Natives blooming

FIFTEEN years ago Dudley Maier cycled around his neighbourhood noticing the gardens were mostly water-guzzling jungles of old English plants.

Back then Vincent council seemed to be endorsing it — even amid the millennial drought — with it’s top garden awards often going to the thirstiest examples.

“I thought ‘why don’t we try to encourage native plants’,” Mr Maier says.
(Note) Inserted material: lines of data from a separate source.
(* On labels in {-1,1} both losses are sums over pairs j < k of a label-only term plus
   (y_j - y_k) H(t_j - t_k), with H d = - sgn d / 4 for L_r and, by the symmetry of \<phi>,
   H d = (\<phi> d - \<phi> 0) / 2 for the surrogate. Conditioning on x turns y_j - y_k into the gap
   \<Delta> = \<eta>_j - \<eta>_k of the conditional label means, and since \<Delta> H(n \<Delta>) tends to -C |\<Delta>| with
   C = sup |H|, the scorers n \<eta> drive either risk down to its Bayes risk. So both excess risks
   are sums of E[\<Delta> H(f_j - f_k) + C |\<Delta>|], with C = 1/4 resp. c/2 for c = \<phi> 0 - inf \<phi> > 0.
   As \<phi> is non-increasing, the integrands compare pointwise with factor 1/c, so \<xi> t = t / c. *)

lemma (in finite_measure) ex_conditional_expectation:
  fixes G :: "'a \<Rightarrow> real"
  assumes [measurable]: "T \<in> measurable M N" "G \<in> borel_measurable M"
    and G_range: "\<And>x. x \<in> space M \<Longrightarrow> 0 \<le> G x \<and> G x \<le> 1"
  obtains p where "p \<in> borel_measurable N"
    and "\<And>h B. h \<in> borel_measurable N \<Longrightarrow> (\<And>y. \<bar>h y\<bar> \<le> B) \<Longrightarrow>
           integrable M (\<lambda>x. p (T x) * h (T x))"
    and "\<And>h B. h \<in> borel_measurable N \<Longrightarrow> (\<And>y. \<bar>h y\<bar> \<le> B) \<Longrightarrow>
           (\<integral>x. G x * h (T x) \<partial>M) = (\<integral>x. p (T x) * h (T x) \<partial>M)"
proof -
  define \<mu> where "\<mu> = distr M N T"
  define \<nu> where "\<nu> = distr (density M (\<lambda>x. ennreal (G x))) N T"
  interpret \<mu>: finite_measure \<mu> unfolding \<mu>_def by (rule finite_measure_distr) simp
  have sets_\<nu>: "sets \<nu> = sets \<mu>" by (simp add: \<nu>_def \<mu>_def)
  have \<nu>_le_\<mu>: "emeasure \<nu> A \<le> emeasure \<mu> A" if A: "A \<in> sets N" for A
  proof -
    have "emeasure \<nu> A = emeasure (density M (\<lambda>x. ennreal (G x))) (T -` A \<inter> space M)"
      unfolding \<nu>_def using A by (subst emeasure_distr) auto
    also have "\<dots> = (\<integral>\<^sup>+x. ennreal (G x) * indicator (T -` A \<inter> space M) x \<partial>M)"
      using A by (subst emeasure_density) auto
    also have "\<dots> \<le> (\<integral>\<^sup>+x. indicator (T -` A \<inter> space M) x \<partial>M)"
      using G_range by (intro nn_integral_mono) (auto simp: indicator_def)
    also have "\<dots> = emeasure \<mu> A"
      using A unfolding \<mu>_def by (subst emeasure_distr) (auto intro: nn_integral_indicator)
    finally show ?thesis .
  qed
  have ac: "absolutely_continuous \<mu> \<nu>"
    unfolding absolutely_continuous_def
  proof
    fix A assume "A \<in> null_sets \<mu>"
    then have "A \<in> sets N" "emeasure \<mu> A = 0" by (auto simp: \<mu>_def)
    then show "A \<in> null_sets \<nu>"
      using \<nu>_le_\<mu>[of A] sets_\<nu> by (auto simp: \<mu>_def)
  qed
  interpret \<nu>: finite_measure \<nu>
  proof
    show "emeasure \<nu> (space \<nu>) \<noteq> \<infinity>"
      using \<nu>_le_\<mu>[of "space N"] \<mu>.emeasure_finite[of "space N"]
      by (auto simp: \<nu>_def \<mu>_def top_unique)
  qed
  define p where "p y = enn2real (RN_deriv \<mu> \<nu> y)" for y
  have p_measurable[measurable]: "p \<in> borel_measurable N"
    unfolding p_def using borel_measurable_RN_deriv[of \<mu> \<nu>] by (simp add: \<mu>_def)
  show thesis
  proof (rule that[OF p_measurable])
    fix h :: "_ \<Rightarrow> real" and B
    assume h[measurable]: "h \<in> borel_measurable N" and B: "\<And>y. \<bar>h y\<bar> \<le> B"
    have "integrable \<nu> h"
      by (rule \<nu>.integrable_const_bound[where B=B]) (use B in \<open>auto simp: \<nu>_def\<close>)
    then have "integrable \<mu> (\<lambda>y. p y * h y)"
      using \<mu>.RN_deriv_integrable[OF \<nu>.sigma_finite_measure ac sets_\<nu>] by (simp add: p_def \<mu>_def)
    then show "integrable M (\<lambda>x. p (T x) * h (T x))"
      unfolding \<mu>_def by (subst (asm) integrable_distr_eq) auto
    have "(\<integral>x. G x * h (T x) \<partial>M) = integral\<^sup>L \<nu> h"
      using G_range by (simp add: \<nu>_def integral_distr integral_density)
    also have "\<dots> = (\<integral>y. p y * h y \<partial>\<mu>)"
      using \<mu>.RN_deriv_integral[OF \<nu>.sigma_finite_measure ac sets_\<nu>] by (simp add: p_def \<mu>_def)
    also have "\<dots> = (\<integral>x. p (T x) * h (T x) \<partial>M)"
      unfolding \<mu>_def by (simp add: integral_distr)
    finally show "(\<integral>x. G x * h (T x) \<partial>M) = (\<integral>x. p (T x) * h (T x) \<partial>M)" .
  qed
qed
“I could see what we needed to do was encourage those early adopters to get the message out a bit and reward them, and demonstrate to other people you could have these colourful gardens without having to dump a lot of water on them.”

He convinced the Swan River Trust and Water Corporation to sponsor a prize, native gardens started to sprout around the town and in 2014 came the watershed moment, when Lisa Mazzella and Geoff Weekes took out the top award for their native garden on The Boulevarde.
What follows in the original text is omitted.